BEGIN
lemma mass_tree_cell_limit: "mass_tree p"
proof
  interpret prob_space "\<mu> n" for n by (rule prob)
  have space: "space (\<mu> n) = UNIV" for n using sets_eq_imp_space_eq[OF sets[of n]] by simp
  show "p [] = 1" using lim_cell[of "[]"] prob_space space by (simp add: LIMSEQ_const_iff)
  show "0 \<le> p ks" for ks by (rule LIMSEQ_le_const[OF lim_cell]) simp
  show "(\<lambda>i. p (ks @ [i])) sums p ks" for ks
  proof (rule sums_LIMSEQ_uniform_tail[OF _ _ lim_cell lim_cell])
    show "(\<lambda>i. measure (\<mu> n) (cell (ks @ [i]))) sums measure (\<mu> n) (cell ks)" for n
    proof -
      have "(\<lambda>i. measure (\<mu> n) (cell (ks @ [i]))) sums measure (\<mu> n) (\<Union>i. cell (ks @ [i]))"
        using sets[of n] disjoint_family_children by (intro finite_measure_UNION) auto
      then show ?thesis by (simp flip: cell_eq_UN_children)
    qed
    fix e :: real assume "e > 0"
    then obtain K where K: "compact K" "\<And>n. measure (\<mu> n) (UNIV - K) \<le> e" using tight by blast
    have K': "UNIV - K \<in> sets borel"
      using borel_compact[OF K(1)] by (metis sets.compl_sets space_borel)
    obtain M where M: "\<forall>z\<in>K. cell_index (length ks) z < M"
      using bounded_cell_index_compact[OF K(1)] by blast
    have "measure (\<mu> n) (cell ks) - (\<Sum>i<N. measure (\<mu> n) (cell (ks @ [i]))) \<le> e" if "M \<le> N" for n N
    proof -
      have "cell ks \<subseteq> (\<Union>i<N. cell (ks @ [i])) \<union> (UNIV - K)"
        using M that by (force simp: cell_snoc)
      then have "measure (\<mu> n) (cell ks) \<le> measure (\<mu> n) ((\<Union>i<N. cell (ks @ [i])) \<union> (UNIV - K))"
        using sets[of n] K' by (intro finite_measure_mono) auto
      also have "\<dots> \<le> measure (\<mu> n) (\<Union>i<N. cell (ks @ [i])) + measure (\<mu> n) (UNIV - K)"
        using sets[of n] K' by (intro measure_Un_le) auto
      also have "measure (\<mu> n) (\<Union>i<N. cell (ks @ [i])) = (\<Sum>i<N. measure (\<mu> n) (cell (ks @ [i])))"
        using disjoint_family_children[of ks] sets[of n]
        by (intro finite_measure_finite_Union) (auto simp: disjoint_family_on_def)
      finally show ?thesis using K(2)[of n] by simp
    qed
    then show "\<exists>M. \<forall>n. \<forall>N\<ge>M. measure (\<mu> n) (cell ks) - (\<Sum>i<N. measure (\<mu> n) (cell (ks @ [i]))) \<le> e"
      by blast
  qed simp
qed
END
[PROMPT] Return the listing verbatim.

[RESULT OF THE TASK]
lemma mass_tree_cell_limit: "mass_tree p"
proof
  interpret prob_space "\<mu> n" for n by (rule prob)
  have space: "space (\<mu> n) = UNIV" for n using sets_eq_imp_space_eq[OF sets[of n]] by simp
  show "p [] = 1" using lim_cell[of "[]"] prob_space space by (simp add: LIMSEQ_const_iff)
  show "0 \<le> p ks" for ks by (rule LIMSEQ_le_const[OF lim_cell]) simp
  show "(\<lambda>i. p (ks @ [i])) sums p ks" for ks
  proof (rule sums_LIMSEQ_uniform_tail[OF _ _ lim_cell lim_cell])
    show "(\<lambda>i. measure (\<mu> n) (cell (ks @ [i]))) sums measure (\<mu> n) (cell ks)" for n
    proof -
      have "(\<lambda>i. measure (\<mu> n) (cell (ks @ [i]))) sums measure (\<mu> n) (\<Union>i. cell (ks @ [i]))"
        using sets[of n] disjoint_family_children by (intro finite_measure_UNION) auto
      then show ?thesis by (simp flip: cell_eq_UN_children)
    qed
    fix e :: real assume "e > 0"
    then obtain K where K: "compact K" "\<And>n. measure (\<mu> n) (UNIV - K) \<le> e" using tight by blast
    have K': "UNIV - K \<in> sets borel"
      using borel_compact[OF K(1)] by (metis sets.compl_sets space_borel)
    obtain M where M: "\<forall>z\<in>K. cell_index (length ks) z < M"
      using bounded_cell_index_compact[OF K(1)] by blast
    have "measure (\<mu> n) (cell ks) - (\<Sum>i<N. measure (\<mu> n) (cell (ks @ [i]))) \<le> e" if "M \<le> N" for n N
    proof -
      have "cell ks \<subseteq> (\<Union>i<N. cell (ks @ [i])) \<union> (UNIV - K)"
        using M that by (force simp: cell_snoc)
      then have "measure (\<mu> n) (cell ks) \<le> measure (\<mu> n) ((\<Union>i<N. cell (ks @ [i])) \<union> (UNIV - K))"
        using sets[of n] K' by (intro finite_measure_mono) auto
      also have "\<dots> \<le> measure (\<mu> n) (\<Union>i<N. cell (ks @ [i])) + measure (\<mu> n) (UNIV - K)"
        using sets[of n] K' by (intro measure_Un_le) auto
      also have "measure (\<mu> n) (\<Union>i<N. cell (ks @ [i])) = (\<Sum>i<N. measure (\<mu> n) (cell (ks @ [i])))"
        using disjoint_family_children[of ks] sets[of n]
        by (intro finite_measure_finite_Union) (auto simp: disjoint_family_on_def)
      finally show ?thesis using K(2)[of n] by simp
    qed
    then show "\<exists>M. \<forall>n. \<forall>N\<ge>M. measure (\<mu> n) (cell ks) - (\<Sum>i<N. measure (\<mu> n) (cell (ks @ [i]))) \<le> e"
      by blast
  qed simp
qed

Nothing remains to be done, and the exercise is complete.